Before it turns into a monster movie, The Cursed attempts to be a slow-paced psychological horror that uses nightmares to explore the guilt, fear, and paranoia of its characters. After the massacre of the Roma, the townspeople begin having nightmares about the corpse scarecrow and a set of silver wolf teeth buried beneath it. The first time one of the characters has this nightmare, it’s eerie and unsettling. The audience can feel the fear the character is experiencing. The issue is, this same nightmare scene plays out nearly identically several times throughout the film. The scarecrow appears in the foggy field, the character walks around and looks scared, the same cut-and-paste video of birds flitting on the ground plays, and the teeth are dug up. This is shown over and over with very little that differentiates each appearance of the scene.

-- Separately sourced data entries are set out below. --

(* Let $\rho$ be a density matrix and $\epsilon>0$. Consider the following process: a set of states $S$ is initially empty; for each query unit vector $|\psi\rangle$, let $|\psi_S\rangle$ be the orthogonal projection of $|\psi\rangle$ onto $\mathrm{span}(S)$; an oracle produces an estimate $\hat o$ with $|\langle\psi_S|\rho|\psi_S\rangle-\hat o|<\frac38\epsilon$; a mistake may be declared only if $|\langle\psi|\rho|\psi\rangle-\hat o|\ge\frac34\epsilon$, and whenever a mistake is declared, $|\psi\rangle$ is added to $S$. Then the total number of mistakes is at most $\frac{256}{9}\cdot\frac1{\epsilon^2}$.
   Context: Queries $|\psi\rangle$ may be chosen arbitrarily (adaptively); $\rho$ is positive semidefinite with unit trace. *)

theory Defs
  imports "HOL-Analysis.Analysis"
begin

definition braket :: "complex^'n \<Rightarrow> complex^'n \<Rightarrow> complex" where
  "braket u v = (\<Sum>i\<in>UNIV. cnj (u $ i) * v $ i)"

definition unit_vec :: "complex^'n \<Rightarrow> bool" where
  "unit_vec v \<longleftrightarrow> braket v v = 1"

definition density_matrix :: "complex^'n^'n \<Rightarrow> bool" where
  "density_matrix \<rho> \<longleftrightarrow>
     (\<forall>i j. \<rho> $ i $ j = cnj (\<rho> $ j $ i)) \<and>
     (\<forall>v. Im (braket v (\<rho> *v v)) = 0 \<and> Re (braket v (\<rho> *v v)) \<ge> 0) \<and>
     trace \<rho> = 1"

text \<open>Expectation value <psi|rho|psi> (real since rho is Hermitian).\<close>
definition expect :: "complex^'n^'n \<Rightarrow> complex^'n \<Rightarrow> real" where
  "expect \<rho> \<psi> = Re (braket \<psi> (\<rho> *v \<psi>))"

definition oproj :: "(complex^'n) set \<Rightarrow> complex^'n \<Rightarrow> complex^'n" where
  "oproj S \<psi> = (THE p. p \<in> vec.span S \<and> (\<forall>s\<in>vec.span S. braket s (\<psi> - p) = 0))"

end

(*
  For a mistake at time t let w_t be the component of psi_t orthogonal to the span of the earlier
  mistaken queries, so that psi_t - w_t is the projection on which the oracle is accurate. Since the
  estimate is 3eps/4-far from <psi_t|rho|psi_t> but 3eps/8-close to the expectation of the
  projection, the expectation moves by more than 3eps/8 when w_t is dropped; by Cauchy-Schwarz for
  the form of rho this forces <u_t|rho|u_t> > (3eps/16)^2 for the unit vector u_t = w_t/|w_t|.
  The u_t are orthonormal (the mistakes perform Gram-Schmidt), and the expectations of a positive
  semidefinite rho along an orthonormal family sum to at most tr rho = 1.
*)

theory Submission
  imports Defs
begin

lemma braket_add_right: "braket u (v + w) = braket u v + braket u w"
  by (simp add: braket_def algebra_simps sum.distrib)

lemma braket_add_left: "braket (u + v) w = braket u w + braket v w"
  by (simp add: braket_def algebra_simps sum.distrib)

lemma braket_diff_right: "braket u (v - w) = braket u v - braket u w"
  by (simp add: braket_def algebra_simps sum_subtractf)

lemma braket_scale_right: "braket u (c *s v) = c * braket u v"
  by (simp add: braket_def sum_distrib_left algebra_simps)

lemma braket_scale_left: "braket (c *s u) v = cnj c * braket u v"
  by (simp add: braket_def sum_distrib_left algebra_simps)

lemma scaleR_eq_scalar_mult_of_real: "c *\<^sub>R v = complex_of_real c *s v"
  by (simp only: vec_eq_iff vector_scaleR_component vector_smult_component) (simp add: scaleR_conv_of_real)

lemma braket_scaleR_right: "braket u (c *\<^sub>R v) = of_real c * braket u v"
  by (simp add: scaleR_eq_scalar_mult_of_real braket_scale_right)

lemma braket_scaleR_left: "braket (c *\<^sub>R u) v = of_real c * braket u v"
  by (simp add: scaleR_eq_scalar_mult_of_real braket_scale_left)

lemma cnj_braket: "cnj (braket u v) = braket v u"
  by (simp add: braket_def mult.commute)

lemma Re_braket: "Re (braket u v) = inner u v"
  by (simp add: braket_def inner_vec_def inner_complex_def)

lemma braket_self: "braket u u = of_real ((norm u)\<^sup>2)"
  by (simp add: complex_eq_iff Re_braket power2_norm_eq_inner) (simp add: braket_def algebra_simps)

lemma braket_self_eq_0_iff: "braket u u = 0 \<longleftrightarrow> u = 0"
  by (simp add: braket_self)

lemma unit_vec_iff_norm: "unit_vec v \<longleftrightarrow> norm v = 1"
  by (simp add: unit_vec_def braket_self flip: of_real_power)
     (simp add: abs_square_eq_1)

lemma braket_sgn_self: "u \<noteq> 0 \<Longrightarrow> braket (sgn u) (sgn u) = 1"
  by (simp add: braket_self norm_sgn)

lemma braket_sgn_sgn: "braket u v = 0 \<Longrightarrow> braket (sgn u) (sgn v) = 0"
  by (simp add: sgn_div_norm divide_inverse_commute braket_scaleR_left braket_scaleR_right)

lemma expect_scaleR: "expect \<rho> (c *\<^sub>R v) = c\<^sup>2 * expect \<rho> v"
  by (simp add: expect_def scaleR_eq_scalar_mult_of_real vector_scalar_commute
      braket_scale_left braket_scale_right power2_eq_square)

lemma expect_zero [simp]: "expect \<rho> 0 = 0"
  by (simp add: expect_def braket_def)

lemma expect_sgn: "expect \<rho> (sgn v) = expect \<rho> v / (norm v)\<^sup>2"
  by (simp add: sgn_div_norm expect_scaleR divide_inverse_commute power_inverse)

lemma subspace_vec_span: "subspace (vec.span (S :: (complex^'n) set))"
  unfolding subspace_def
proof (intro conjI ballI allI)
  fix c :: real and x assume "x \<in> vec.span S"
  then show "c *\<^sub>R x \<in> vec.span S"
    unfolding scaleR_eq_scalar_mult_of_real by (rule vec.span_scale)
qed (auto intro: vec.span_zero vec.span_add)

Why ‘The Cursed’ Fails as a Horror Movie

2021 The Cursed
Image Via LD Entertainament

A large part of horror, and the feeling of fear in general, is encountering something shocking, disturbing, unexpected, or unknown. Repetition acts completely opposed to these factors. In most cases, the more you see something, the less scary it becomes. So, when The Cursed shows the same nightmare sequence several times, it completely kills the scariness and becomes laughable. It was admirable of Ellis to try a slow and psychological take on the typical werewolf story. But for this to be effective, the audience has to feel the fear and uncomfortable emotions that the characters do. When the audience is laughing about seeing the same dream for a fourth time, and others are leaving the theater out of boredom, the horror is clearly not effective.

Another issue with The Cursed’s horror is its overuse of clichés. It seems as though Ellis sat down and thought of all these cliché horror movie things and then put them together. Biblical curses, Indian (Romani) burial grounds, a mysterious but knowledgeable stranger, children turning into something evil, nudity, gory violence, monsters, etc. This has all been done before and better. The Cursed doesn’t add anything substantial to the horror genre or the werewolf myth. Ellis attempted to make the story feel unique through slow pacing, a new monster design, and some additions to the traditional lore. At its core though, The Cursed is the same werewolf story audiences have seen for decades. It doesn’t arouse fear and is filled with banal tropes. Audiences will walk away from the film remembering the scenes of historical brutality and will forget the tedious nightmares and shamefully hairless werewolves.